*** Block opens ***

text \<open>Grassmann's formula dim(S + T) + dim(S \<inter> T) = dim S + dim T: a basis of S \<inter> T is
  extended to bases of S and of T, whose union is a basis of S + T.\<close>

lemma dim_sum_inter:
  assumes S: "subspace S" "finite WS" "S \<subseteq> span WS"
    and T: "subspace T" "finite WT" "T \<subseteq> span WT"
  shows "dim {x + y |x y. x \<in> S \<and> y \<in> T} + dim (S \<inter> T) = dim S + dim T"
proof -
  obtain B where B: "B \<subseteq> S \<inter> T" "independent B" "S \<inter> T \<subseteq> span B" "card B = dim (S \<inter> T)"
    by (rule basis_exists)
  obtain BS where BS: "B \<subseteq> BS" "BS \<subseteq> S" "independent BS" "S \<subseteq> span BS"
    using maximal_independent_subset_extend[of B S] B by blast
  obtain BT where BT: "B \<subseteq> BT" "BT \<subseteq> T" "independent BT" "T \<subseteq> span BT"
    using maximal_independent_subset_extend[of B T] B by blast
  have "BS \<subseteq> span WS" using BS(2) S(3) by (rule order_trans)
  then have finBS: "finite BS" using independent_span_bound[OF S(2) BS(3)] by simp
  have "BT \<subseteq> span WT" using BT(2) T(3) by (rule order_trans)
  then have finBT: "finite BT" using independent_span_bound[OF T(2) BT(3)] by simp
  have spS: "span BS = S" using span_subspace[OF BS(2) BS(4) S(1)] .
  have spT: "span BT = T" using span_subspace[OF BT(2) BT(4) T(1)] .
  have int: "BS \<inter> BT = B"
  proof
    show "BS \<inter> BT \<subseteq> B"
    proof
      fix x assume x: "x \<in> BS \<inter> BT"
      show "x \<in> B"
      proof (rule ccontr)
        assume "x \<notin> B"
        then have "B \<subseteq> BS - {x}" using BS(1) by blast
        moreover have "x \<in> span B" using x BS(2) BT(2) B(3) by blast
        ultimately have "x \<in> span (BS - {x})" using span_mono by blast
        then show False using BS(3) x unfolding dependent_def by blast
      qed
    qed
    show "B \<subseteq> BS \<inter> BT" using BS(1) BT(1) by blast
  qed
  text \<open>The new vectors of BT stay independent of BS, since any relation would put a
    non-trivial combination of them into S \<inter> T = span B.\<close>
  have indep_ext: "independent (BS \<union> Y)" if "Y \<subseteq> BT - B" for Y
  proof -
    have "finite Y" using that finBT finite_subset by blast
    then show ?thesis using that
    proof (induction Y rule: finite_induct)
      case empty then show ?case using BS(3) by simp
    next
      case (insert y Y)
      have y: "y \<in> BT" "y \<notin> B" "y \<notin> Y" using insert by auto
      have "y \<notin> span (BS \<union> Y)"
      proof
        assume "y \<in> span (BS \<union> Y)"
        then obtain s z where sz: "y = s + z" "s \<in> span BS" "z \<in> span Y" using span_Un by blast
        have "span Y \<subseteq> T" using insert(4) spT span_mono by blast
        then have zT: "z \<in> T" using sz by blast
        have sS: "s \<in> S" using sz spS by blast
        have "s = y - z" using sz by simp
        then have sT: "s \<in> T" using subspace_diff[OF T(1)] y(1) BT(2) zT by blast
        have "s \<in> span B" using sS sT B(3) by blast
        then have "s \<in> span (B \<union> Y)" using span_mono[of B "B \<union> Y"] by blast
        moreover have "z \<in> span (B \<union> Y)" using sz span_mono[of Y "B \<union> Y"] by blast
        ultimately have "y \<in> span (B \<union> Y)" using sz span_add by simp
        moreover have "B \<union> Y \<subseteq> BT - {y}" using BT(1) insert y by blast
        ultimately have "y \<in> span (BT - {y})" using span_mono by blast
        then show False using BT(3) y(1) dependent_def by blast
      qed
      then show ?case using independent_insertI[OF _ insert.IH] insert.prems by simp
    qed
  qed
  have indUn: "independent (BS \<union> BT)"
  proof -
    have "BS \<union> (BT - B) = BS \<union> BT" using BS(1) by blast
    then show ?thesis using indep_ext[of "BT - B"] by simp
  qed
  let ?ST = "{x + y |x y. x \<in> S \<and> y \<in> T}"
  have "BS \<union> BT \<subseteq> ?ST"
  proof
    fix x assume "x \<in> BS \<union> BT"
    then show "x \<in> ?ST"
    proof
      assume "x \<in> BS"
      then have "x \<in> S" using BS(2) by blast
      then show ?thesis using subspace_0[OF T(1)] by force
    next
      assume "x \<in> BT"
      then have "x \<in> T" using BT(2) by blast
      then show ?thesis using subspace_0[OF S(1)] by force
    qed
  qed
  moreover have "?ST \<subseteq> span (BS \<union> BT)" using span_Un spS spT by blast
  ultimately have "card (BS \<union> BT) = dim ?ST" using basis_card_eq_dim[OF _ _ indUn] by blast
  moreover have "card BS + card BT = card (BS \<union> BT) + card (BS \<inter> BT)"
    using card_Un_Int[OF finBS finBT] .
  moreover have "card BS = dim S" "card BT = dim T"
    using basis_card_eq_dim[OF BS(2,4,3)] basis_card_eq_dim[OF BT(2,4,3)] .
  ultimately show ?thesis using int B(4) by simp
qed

*** Block closes ***
*** Block opens ***

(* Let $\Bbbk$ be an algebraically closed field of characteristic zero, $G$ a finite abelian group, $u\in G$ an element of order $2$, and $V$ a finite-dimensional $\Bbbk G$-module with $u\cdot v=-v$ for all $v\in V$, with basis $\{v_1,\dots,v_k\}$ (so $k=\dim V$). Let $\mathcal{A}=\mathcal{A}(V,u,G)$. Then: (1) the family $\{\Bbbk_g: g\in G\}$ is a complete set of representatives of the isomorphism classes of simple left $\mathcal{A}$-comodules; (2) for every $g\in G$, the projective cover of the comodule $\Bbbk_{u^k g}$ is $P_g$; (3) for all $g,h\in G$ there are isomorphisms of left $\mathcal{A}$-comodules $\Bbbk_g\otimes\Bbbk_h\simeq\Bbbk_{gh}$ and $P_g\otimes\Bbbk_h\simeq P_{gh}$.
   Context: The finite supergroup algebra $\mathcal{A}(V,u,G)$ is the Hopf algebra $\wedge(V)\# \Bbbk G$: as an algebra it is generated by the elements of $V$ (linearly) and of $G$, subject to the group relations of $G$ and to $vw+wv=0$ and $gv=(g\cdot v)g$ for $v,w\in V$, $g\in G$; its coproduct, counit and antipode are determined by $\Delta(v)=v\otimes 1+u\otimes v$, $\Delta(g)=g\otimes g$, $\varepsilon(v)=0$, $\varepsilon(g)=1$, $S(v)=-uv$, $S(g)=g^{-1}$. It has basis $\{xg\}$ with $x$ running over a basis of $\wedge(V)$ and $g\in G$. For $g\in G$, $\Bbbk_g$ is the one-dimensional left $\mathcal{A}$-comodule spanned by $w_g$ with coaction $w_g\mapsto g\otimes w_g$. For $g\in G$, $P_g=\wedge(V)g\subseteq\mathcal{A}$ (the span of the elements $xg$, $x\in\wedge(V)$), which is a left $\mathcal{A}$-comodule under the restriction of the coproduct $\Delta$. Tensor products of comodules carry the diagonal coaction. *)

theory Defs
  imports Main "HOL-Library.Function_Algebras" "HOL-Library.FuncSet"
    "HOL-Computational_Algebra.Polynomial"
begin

*** Block closes ***

**Problem to solve**
Take the listing above and repeat exactly the lines from the one containing "text \<open>Grassmann's formula" through the one containing "obtain BT where", both included.

**Final answer**
text \<open>Grassmann's formula dim(S + T) + dim(S \<inter> T) = dim S + dim T: a basis of S \<inter> T is
  extended to bases of S and of T, whose union is a basis of S + T.\<close>

lemma dim_sum_inter:
  assumes S: "subspace S" "finite WS" "S \<subseteq> span WS"
    and T: "subspace T" "finite WT" "T \<subseteq> span WT"
  shows "dim {x + y |x y. x \<in> S \<and> y \<in> T} + dim (S \<inter> T) = dim S + dim T"
proof -
  obtain B where B: "B \<subseteq> S \<inter> T" "independent B" "S \<inter> T \<subseteq> span B" "card B = dim (S \<inter> T)"
    by (rule basis_exists)
  obtain BS where BS: "B \<subseteq> BS" "BS \<subseteq> S" "independent BS" "S \<subseteq> span BS"
    using maximal_independent_subset_extend[of B S] B by blast
  obtain BT where BT: "B \<subseteq> BT" "BT \<subseteq> T" "independent BT" "T \<subseteq> span BT"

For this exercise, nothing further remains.